● **Work task**
Search the data below for the word "dimension" and copy each line that holds it.

● **Data records**
(* Let $t\ge 2$ be an integer and let $G$ be a graph with $n$ vertices. Then \[ \mu_{t}(G)\leq \frac{t}{n}\binom{n}{t}^{\frac{1}{t}}\left(c_{t}(G)\right)^{\frac{t-1}{t}}, \] where $c_t(G)$ is the number of $t$-cliques of $G$ and $\mu_t(G)$ is the $t$-clique spectral radius of $G$. Furthermore, equality holds if $G$ is a complete graph or a $K_t$-free graph.
   Context: All graphs are simple and undirected. A $t$-clique of a graph $G$ is a set of $t$ vertices inducing a complete subgraph; $C_t(G)$ denotes the set of $t$-cliques and $c_t(G)=|C_t(G)|$. For a graph $G$ with vertex set $\{1,\dots,n\}$, the $t$-clique tensor $\mathcal{A}(G)=(a_{i_1\cdots i_t})$ is the order $t$, dimension $n$ tensor with $a_{i_1 i_2\cdots i_t}=\frac{1}{(t-1)!}$ if $\{i_1,\dots,i_t\}\in C_t(G)$ (in particular the $i_j$ are distinct) and $a_{i_1\cdots i_t}=0$ otherwise. For an order $m$ dimension $n$ tensor $\mathcal{A}$ and $x\in\mathbb{C}^n$, $\mathcal{A}x^{m-1}$ is the vector whose $i$-th component is $\sum_{i_2,\dots,i_m=1}^n a_{i i_2\cdots i_m}x_{i_2}\cdots x_{i_m}$; $\lambda\in\mathbb{C}$ is an eigenvalue of $\mathcal{A}$ if there is a nonzero $x\in\mathbb{C}^n$ with $\mathcal{A}x^{m-1}=\lambda x^{[m-1]}$, where $x^{[m-1]}=(x_1^{m-1},\dots,x_n^{m-1})^T$. The $t$-clique spectral radius $\mu_t(G)$ is the largest modulus of an eigenvalue of the $t$-clique tensor of $G$. *)

theory Defs
  imports Complex_Main
begin

text \<open>Graphs: vertex set {0..<n} (the paper's {1..n} shifted), edge relation E
 (assumed symmetric and irreflexive in the theorem).\<close>

definition is_clique :: "(nat \<Rightarrow> nat \<Rightarrow> bool) \<Rightarrow> nat set \<Rightarrow> bool" where
  "is_clique E S \<longleftrightarrow> (\<forall>u\<in>S. \<forall>v\<in>S. u \<noteq> v \<longrightarrow> E u v)"

definition cliques :: "nat \<Rightarrow> (nat \<Rightarrow> nat \<Rightarrow> bool) \<Rightarrow> nat \<Rightarrow> nat set set" where
  "cliques n E t = {S. S \<subseteq> {..<n} \<and> card S = t \<and> is_clique E S}"

definition clique_count :: "nat \<Rightarrow> (nat \<Rightarrow> nat \<Rightarrow> bool) \<Rightarrow> nat \<Rightarrow> nat" where
  "clique_count n E t = card (cliques n E t)"

text \<open>Tensors of order m, dimension n: functions from index lists (of length m,
 entries < n) to complex numbers.\<close>

definition clique_tensor :: "nat \<Rightarrow> (nat \<Rightarrow> nat \<Rightarrow> bool) \<Rightarrow> nat \<Rightarrow> nat list \<Rightarrow> complex" where
  "clique_tensor n E t is =
     (if length is = t \<and> distinct is \<and> set is \<in> cliques n E t
      then 1 / of_nat (fact (t - 1)) else 0)"

definition tensor_apply :: "nat \<Rightarrow> nat \<Rightarrow> (nat list \<Rightarrow> complex) \<Rightarrow> (nat \<Rightarrow> complex) \<Rightarrow> nat \<Rightarrow> complex" where
  "tensor_apply m n A x i =
     (\<Sum>is \<in> {is. length is = m - 1 \<and> set is \<subseteq> {..<n}}. A (i # is) * prod_list (map x is))"

definition tensor_eigenvalue :: "nat \<Rightarrow> nat \<Rightarrow> (nat list \<Rightarrow> complex) \<Rightarrow> complex \<Rightarrow> bool" where
  "tensor_eigenvalue m n A lam \<longleftrightarrow>
     (\<exists>x :: nat \<Rightarrow> complex. (\<exists>i<n. x i \<noteq> 0) \<and>
        (\<forall>i<n. tensor_apply m n A x i = lam * x i ^ (m - 1)))"

definition tensor_spectral_radius :: "nat \<Rightarrow> nat \<Rightarrow> (nat list \<Rightarrow> complex) \<Rightarrow> real" where
  "tensor_spectral_radius m n A = Sup {cmod lam | lam. tensor_eigenvalue m n A lam}"

definition clique_spectral_radius :: "nat \<Rightarrow> (nat \<Rightarrow> nat \<Rightarrow> bool) \<Rightarrow> nat \<Rightarrow> real" where
  "clique_spectral_radius n E t = tensor_spectral_radius t n (clique_tensor n E t)"

end

theory Submission
  imports Defs "HOL-Analysis.Convex" "Jordan_Normal_Form.Char_Poly"
    "HOL-Combinatorics.Multiset_Permutations"
begin
definition move_prob :: "(nat \<Rightarrow> nat \<Rightarrow> bool) \<Rightarrow> nat \<Rightarrow> (nat \<Rightarrow> real) \<Rightarrow> nat \<Rightarrow> (nat \<Rightarrow> nat) \<Rightarrow> nat \<Rightarrow> nat \<Rightarrow> real" where
  "move_prob E n s m x i j =
     (let li = real (load m x i) / s i; lj = real (load m x j) / s j;
          dij = max (deg E n i) (deg E n j); alpha = 4 * smax n s in
      if li - lj > 1 / s j
      then real (deg E n i) / real dij * (li - lj) / (alpha * (1 / s i + 1 / s j) * real (load m x i))
      else 0)"

definition task_step :: "(nat \<Rightarrow> nat \<Rightarrow> bool) \<Rightarrow> nat \<Rightarrow> (nat \<Rightarrow> real) \<Rightarrow> nat \<Rightarrow> (nat \<Rightarrow> nat) \<Rightarrow> nat \<Rightarrow> nat pmf" where
  "task_step E n s m x i =
     do { j \<leftarrow> pmf_of_set (nbrs E n i);
          b \<leftarrow> bernoulli_pmf (move_prob E n s m x i j);
          return_pmf (if b then j else i) }"

text \<open>One round: all tasks act independently (tasks outside 0..<m are fixed to processor 0).\<close>
definition round_step :: "(nat \<Rightarrow> nat \<Rightarrow> bool) \<Rightarrow> nat \<Rightarrow> (nat \<Rightarrow> real) \<Rightarrow> nat \<Rightarrow> (nat \<Rightarrow> nat) \<Rightarrow> (nat \<Rightarrow> nat) pmf" where
  "round_step E n s m x = Pi_pmf {..<m} 0 (\<lambda>k. task_step E n s m x (x k))"

primrec state_dist :: "(nat \<Rightarrow> nat \<Rightarrow> bool) \<Rightarrow> nat \<Rightarrow> (nat \<Rightarrow> real) \<Rightarrow> nat \<Rightarrow> (nat \<Rightarrow> nat) pmf \<Rightarrow> nat \<Rightarrow> (nat \<Rightarrow> nat) pmf" where
  "state_dist E n s m mu0 0 = mu0"
| "state_dist E n s m mu0 (Suc t) = bind_pmf (state_dist E n s m mu0 t) (round_step E n s m)"

end

theory Submission
  imports Defs
begin

text \<open>
  Given the state x, the tasks move independently, so after one round the load of every
  processor i is a sum of independent indicators, and its second moment is the square of its
  mean plus its variance. The mean changes by the net expected flow into i, so that
  E[Psi0(X')] <= Psi0(x) - 2 sum_ij (l_i - l_j) f_ij + sum_i (net flow)^2/s_i + sum_i var_i/s_i,
  where f_ij is the expected flow from i to j and l = w/s is the normalised load.
  Since f_ij = (l_i - l_j)/(4 s_max d_ij (1/s_i + 1/s_j)) when it is positive, on every edge the quadratic and
  variance terms consume only part of the linear drift, up to an additive 1/(4 s_max deg i);
  summed over the edges this leaves -sum_{l_i > l_j} (l_i - l_j)^2 / (16 Delta s_max) + n/(4 s_max).
  The remaining sum is the Laplacian quadratic form of l. Centred at its mean, l is
  orthogonal to the constants, so by the Rayleigh quotient the form is at least
  lambda_2 sum_i (l_i - c)^2 >= lambda_2 Psi0(x) / s_max, because
  Psi0(x) = min_c sum_i s_i (l_i - c)^2. Averaging over X^(t-1) gives the claim.
\<close>

section \<open>Expectations over finite product distributions\<close>

lemma integrable_pmf_bounded:
  fixes f :: "'a \<Rightarrow> real"
  assumes "\<And>x. \<bar>f x\<bar> \<le> B"
  shows "integrable (measure_pmf p) f"
  by (rule measure_pmf.integrable_const_bound[where B=B]) (use assms in auto)

lemma abs_expectation_le:
  fixes f :: "'a \<Rightarrow> real"
  assumes "\<And>x. \<bar>f x\<bar> \<le> B"
  shows "\<bar>measure_pmf.expectation p f\<bar> \<le> B"
proof -
  have f: "integrable (measure_pmf p) f" by (rule integrable_pmf_bounded[OF assms])
  have "measure_pmf.expectation p f \<le> measure_pmf.expectation p (\<lambda>_. B)"
    using assms by (intro integral_mono f) (auto simp: abs_le_iff)
  moreover have "measure_pmf.expectation p (\<lambda>_. -B) \<le> measure_pmf.expectation p f"
  proof (intro integral_mono f)
    show "- B \<le> f x" for x using assms[of x] by linarith
  qed simp
  ultimately show ?thesis by simp
qed

lemma expectation_bind_pmf_bounded:
  fixes f :: "'b \<Rightarrow> real"
  assumes "\<And>x. \<bar>f x\<bar> \<le> B"
  shows "measure_pmf.expectation (bind_pmf M N) f
           = measure_pmf.expectation M (\<lambda>x. measure_pmf.expectation (N x) f)"
  using measurable_measure_pmf[of N] assms unfolding measure_pmf_bind
  by (intro integral_bind[where K="count_space UNIV" and B=B and B'=1])
     (auto intro: measure_pmf.finite_measure)

lemma expectation_Pi_pmf_component:
  fixes P :: "'a \<Rightarrow> 'b pmf" and g :: "'b \<Rightarrow> real"
  assumes "finite A" "k \<in> A"
  shows "measure_pmf.expectation (Pi_pmf A d P) (\<lambda>y. g (y k)) = measure_pmf.expectation (P k) g"
proof -
  have "map_pmf (\<lambda>y. y k) (Pi_pmf A d P) = P k" using assms by (simp add: Pi_pmf_component)
  then show ?thesis by (metis integral_map_pmf)
qed

lemma expectation_Pi_pmf_pair:
  fixes P :: "'a \<Rightarrow> 'b pmf" and g h :: "'b \<Rightarrow> real"
  assumes "finite A" "k \<in> A" "l \<in> A" "k \<noteq> l"
    and "\<And>v. 0 \<le> g v" "\<And>v. g v \<le> 1" "\<And>v. 0 \<le> h v" "\<And>v. h v \<le> 1"
  shows "measure_pmf.expectation (Pi_pmf A d P) (\<lambda>y. g (y k) * h (y l)) =
         measure_pmf.expectation (P k) g * measure_pmf.expectation (P l) h"
proof -
  define f where "f = (\<lambda>j v. if j = k then g v else if j = l then h v else 1)"
  have prod_f: "(\<Prod>j\<in>A. f j (y j)) = g (y k) * h (y l)" for y
  proof -
    have "(\<Prod>j\<in>A. f j (y j)) = (\<Prod>j\<in>{k,l}. f j (y j))"
      using assms by (intro prod.mono_neutral_right) (auto simp: f_def)
    then show ?thesis using assms(4) by (simp add: f_def)
  qed
  have "measure_pmf.expectation (Pi_pmf A d P) (\<lambda>y. \<Prod>j\<in>A. f j (y j))
          = (\<Prod>j\<in>A. measure_pmf.expectation (P j) (f j))"
  proof (rule expectation_prod_Pi_pmf[OF assms(1)])
    show "integrable (measure_pmf (P j)) (f j)" for j
      by (rule integrable_pmf_bounded[where B=1]) (use assms in \<open>auto simp: f_def\<close>)
    show "0 \<le> f j v" for j v
      using assms by (auto simp: f_def)
  qed
  also have "\<dots> = (\<Prod>j\<in>{k,l}. measure_pmf.expectation (P j) (f j))"
    using assms by (intro prod.mono_neutral_right) (auto simp: f_def)
  also have "\<dots> = measure_pmf.expectation (P k) g * measure_pmf.expectation (P l) h"
    using assms(4) by (simp add: f_def)
  finally show ?thesis unfolding prod_f .
qed

text \<open>A plain 0/1 function rather than \<open>indicator {i}\<close>, whose simp rules would turn the sums
  of indicators below into cardinalities.\<close>

definition ind :: "'b \<Rightarrow> 'b \<Rightarrow> real" where
  "ind i v = (if v = i then 1 else 0)"

lemma ind_mult_self: "ind i v * ind i v = ind i v"
  by (simp add: ind_def)

lemma sum_ind_mult:
  assumes "finite A" "i \<in> A"
  shows "(\<Sum>a\<in>A. ind i a * G a) = (G i :: real)"
proof -
  have "(\<Sum>a\<in>A. ind i a * G a) = (\<Sum>a\<in>A. if a = i then G a else 0)"
    by (intro sum.cong) (auto simp: ind_def)
  then show ?thesis using assms by simp
qed

lemma expectation_Pi_pmf_ind_mult:
  fixes P :: "'a \<Rightarrow> 'b pmf"
  assumes "finite A" "k \<in> A" "l \<in> A"
  shows "measure_pmf.expectation (Pi_pmf A d P) (\<lambda>y. ind i (y k) * ind i (y l))
           = (if k = l then measure_pmf.expectation (P k) (ind i)
              else measure_pmf.expectation (P k) (ind i) * measure_pmf.expectation (P l) (ind i))"
proof (cases "k = l")
  case True
  then show ?thesis
    using expectation_Pi_pmf_component[OF assms(1,2), of d P "ind i"] by (simp add: ind_mult_self)
next
  case False
  then show ?thesis by (subst expectation_Pi_pmf_pair) (use assms in \<open>auto simp: ind_def\<close>)
qed

lemma expectation_Pi_pmf_count_sq:
  fixes P :: "'a \<Rightarrow> 'b pmf" and c :: real and i :: 'b
  assumes A: "finite A"
  defines "\<pi> \<equiv> (\<lambda>k. measure_pmf.expectation (P k) (ind i))"
  shows "measure_pmf.expectation (Pi_pmf A d P) (\<lambda>y. ((\<Sum>k\<in>A. ind i (y k)) - c)\<^sup>2)
           = ((\<Sum>k\<in>A. \<pi> k) - c)\<^sup>2 + (\<Sum>k\<in>A. \<pi> k * (1 - \<pi> k))"
proof -
  let ?E = "measure_pmf.expectation (Pi_pmf A d P)"
  have int1: "integrable (Pi_pmf A d P) (\<lambda>y. ind i (y k))" for k
    by (rule integrable_pmf_bounded[where B=1]) (simp add: ind_def)
  have int2: "integrable (Pi_pmf A d P) (\<lambda>y. ind i (y k) * ind i (y l))" for k l
    by (rule integrable_pmf_bounded[where B=1]) (simp add: ind_def)
  have sq: "((\<Sum>k\<in>A. ind i (y k)) - c)\<^sup>2
      = (\<Sum>k\<in>A. \<Sum>l\<in>A. ind i (y k) * ind i (y l)) - 2 * c * (\<Sum>k\<in>A. ind i (y k)) + c\<^sup>2" for y
    by (simp add: power2_eq_square sum_product algebra_simps)
  have mean: "?E (\<lambda>y. ind i (y k)) = \<pi> k" if "k \<in> A" for k
    unfolding \<pi>_def by (rule expectation_Pi_pmf_component[OF A that])
  have moment2: "?E (\<lambda>y. ind i (y k) * ind i (y l)) = (if k = l then \<pi> k else \<pi> k * \<pi> l)"
    if "k \<in> A" "l \<in> A" for k l
    unfolding \<pi>_def by (rule expectation_Pi_pmf_ind_mult[OF A that])
  have diag: "(\<Sum>l\<in>A. if k = l then \<pi> k else \<pi> k * \<pi> l)
      = (\<Sum>l\<in>A. \<pi> k * \<pi> l) + \<pi> k * (1 - \<pi> k)" if "k \<in> A" for k
  proof -
    have "(\<Sum>l\<in>A. if k = l then \<pi> k else \<pi> k * \<pi> l)
        = (\<Sum>l\<in>A. \<pi> k * \<pi> l + (if k = l then \<pi> k * (1 - \<pi> k) else 0))"
      by (rule sum.cong) (auto simp: algebra_simps)
    then show ?thesis using that A by (simp add: sum.distrib)
  qed
  have "?E (\<lambda>y. ((\<Sum>k\<in>A. ind i (y k)) - c)\<^sup>2)
      = (\<Sum>k\<in>A. \<Sum>l\<in>A. ?E (\<lambda>y. ind i (y k) * ind i (y l)))
          - 2 * c * (\<Sum>k\<in>A. ?E (\<lambda>y. ind i (y k))) + c\<^sup>2"
    unfolding sq using int1 int2
    by (simp add: Bochner_Integration.integral_sum integrable_sum
        Bochner_Integration.integral_diff Bochner_Integration.integral_add)
  also have "\<dots> = (\<Sum>k\<in>A. \<Sum>l\<in>A. \<pi> k * \<pi> l) + (\<Sum>k\<in>A. \<pi> k * (1 - \<pi> k))
                      - 2 * c * (\<Sum>k\<in>A. \<pi> k) + c\<^sup>2"
    using mean moment2 diag by (simp add: sum.distrib)
  finally show ?thesis by (simp add: power2_eq_square sum_product algebra_simps)
qed

lemma linear_quadratic_nonneg_imp_zero:
  fixes a b :: real
  assumes "\<And>t. 0 \<le> a * t + b * t\<^sup>2"
  shows "a = 0"
proof (rule ccontr)
  assume a: "a \<noteq> 0"
  define c where "c = \<bar>b\<bar> + 1"
  have c: "c > 0" "b \<le> c" unfolding c_def by auto
  have "a * (- a / (2 * c)) + b * (- a / (2 * c))\<^sup>2 = a\<^sup>2 * (b / (4 * c\<^sup>2) - 1 / (2 * c))"
    using c by (simp add: power2_eq_square field_simps)
  also have "b / (4 * c\<^sup>2) - 1 / (2 * c) < 0"
  proof -
    have "b / (4 * c\<^sup>2) \<le> c / (4 * c\<^sup>2)" using c by (intro divide_right_mono) auto
    also have "\<dots> < 1 / (2 * c)" using c by (simp add: power2_eq_square field_simps)
    finally show ?thesis by simp
  qed
  then have "a\<^sup>2 * (b / (4 * c\<^sup>2) - 1 / (2 * c)) < 0" using a by (simp add: mult_pos_neg)
  finally show False using assms[of "- a / (2 * c)"] by simp
qed

text \<open>The drift across one edge (i, j) with l_i - l_j = \<open>\<delta>\<close> > 1/s_j: here
  \<open>\<sigma>\<close> = 1/s_i + 1/s_j, M = s_max, g, d, D are deg i, d_ij and \<open>\<Delta>\<close>, and
  \<open>\<delta> / (d * (4 * M) * \<sigma>)\<close> is the expected flow from i to j.\<close>

lemma drift_term_inequality:
  fixes \<delta> \<sigma> d D M g :: real
  assumes \<delta>: "\<delta> > 0" and \<sigma>: "0 < \<sigma>" "\<sigma> \<le> 2" and M: "1 \<le> M"
    and g: "1 \<le> g" "g \<le> d" and D: "d \<le> D"
  shows "- 2 * (\<delta> * (\<delta> / (d * (4 * M) * \<sigma>))) + \<delta> * (\<delta> / (d * (4 * M) * \<sigma>)) / (4 * M)
           + \<delta> / (d * (4 * M)) + \<delta>\<^sup>2 / (16 * D * M) \<le> 1 / (4 * M * g)"
proof -
  define X where "X = \<delta> * (\<delta> / (d * (4 * M) * \<sigma>))"
  have pos: "d > 0" "D > 0" "M > 0" using g D M by auto
  have X_eq: "X = \<delta>\<^sup>2 / (4 * d * M * \<sigma>)"
    unfolding X_def by (simp add: power2_eq_square mult.commute mult.left_commute)
  have "4 * d * M * \<sigma> \<le> 8 * d * M" using \<sigma> pos by simp
  then have X_ge: "\<delta>\<^sup>2 / (8 * d * M) \<le> X"
    unfolding X_eq using \<sigma> pos \<delta> by (intro divide_left_mono) (auto intro!: mult_pos_pos)
  have "X \<ge> 0" unfolding X_eq using \<sigma> pos by simp
  then have "X / (4 * M) \<le> X / 4" using M by (intro divide_left_mono) auto
  then have "- 2 * X + X / (4 * M) \<le> - (7 / 4) * X" by linarith
  also have "\<dots> \<le> - (7 / 4) * (\<delta>\<^sup>2 / (8 * d * M))" using X_ge by linarith
  finally have linear: "- 2 * X + X / (4 * M) \<le> - (7 / 4) * (\<delta>\<^sup>2 / (8 * d * M))" .
  have quadratic: "\<delta>\<^sup>2 / (16 * D * M) \<le> \<delta>\<^sup>2 / (16 * d * M)"
    using D pos by (intro divide_left_mono) auto
  have "- 2 * X + X / (4 * M) + \<delta> / (d * (4 * M)) + \<delta>\<^sup>2 / (16 * D * M)
        \<le> - (7 / 4) * (\<delta>\<^sup>2 / (8 * d * M)) + \<delta> / (d * (4 * M)) + \<delta>\<^sup>2 / (16 * d * M)"
    using linear quadratic by linarith
  also have "\<dots> = (- (5 / 32) * \<delta>\<^sup>2 + \<delta> / 4) / (d * M)"
    using pos by (simp add: field_simps power2_eq_square)
  also have "\<dots> \<le> (1 / 10) / (d * M)"
  proof -
    have "0 \<le> (5 / 32) * (\<delta> - 4 / 5)\<^sup>2" by simp
    then have "- (5 / 32) * \<delta>\<^sup>2 + \<delta> / 4 \<le> 1 / 10" by (simp add: power2_eq_square algebra_simps)
    then show ?thesis by (rule divide_right_mono) (use pos in simp)
  qed
  also have "\<dots> \<le> 1 / (4 * M * g)"
  proof -
    have "4 * M * g \<le> 10 * (d * M)" using g pos by (simp add: mult_right_mono)
    then show ?thesis using g pos by (simp add: divide_simps)
  qed
  finally show ?thesis unfolding X_def .
qed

● **Answer space**
   Context: All graphs are simple and undirected. A $t$-clique of a graph $G$ is a set of $t$ vertices inducing a complete subgraph; $C_t(G)$ denotes the set of $t$-cliques and $c_t(G)=|C_t(G)|$. For a graph $G$ with vertex set $\{1,\dots,n\}$, the $t$-clique tensor $\mathcal{A}(G)=(a_{i_1\cdots i_t})$ is the order $t$, dimension $n$ tensor with $a_{i_1 i_2\cdots i_t}=\frac{1}{(t-1)!}$ if $\{i_1,\dots,i_t\}\in C_t(G)$ (in particular the $i_j$ are distinct) and $a_{i_1\cdots i_t}=0$ otherwise. For an order $m$ dimension $n$ tensor $\mathcal{A}$ and $x\in\mathbb{C}^n$, $\mathcal{A}x^{m-1}$ is the vector whose $i$-th component is $\sum_{i_2,\dots,i_m=1}^n a_{i i_2\cdots i_m}x_{i_2}\cdots x_{i_m}$; $\lambda\in\mathbb{C}$ is an eigenvalue of $\mathcal{A}$ if there is a nonzero $x\in\mathbb{C}^n$ with $\mathcal{A}x^{m-1}=\lambda x^{[m-1]}$, where $x^{[m-1]}=(x_1^{m-1},\dots,x_n^{m-1})^T$. The $t$-clique spectral radius $\mu_t(G)$ is the largest modulus of an eigenvalue of the $t$-clique tensor of $G$. *)
text \<open>Tensors of order m, dimension n: functions from index lists (of length m,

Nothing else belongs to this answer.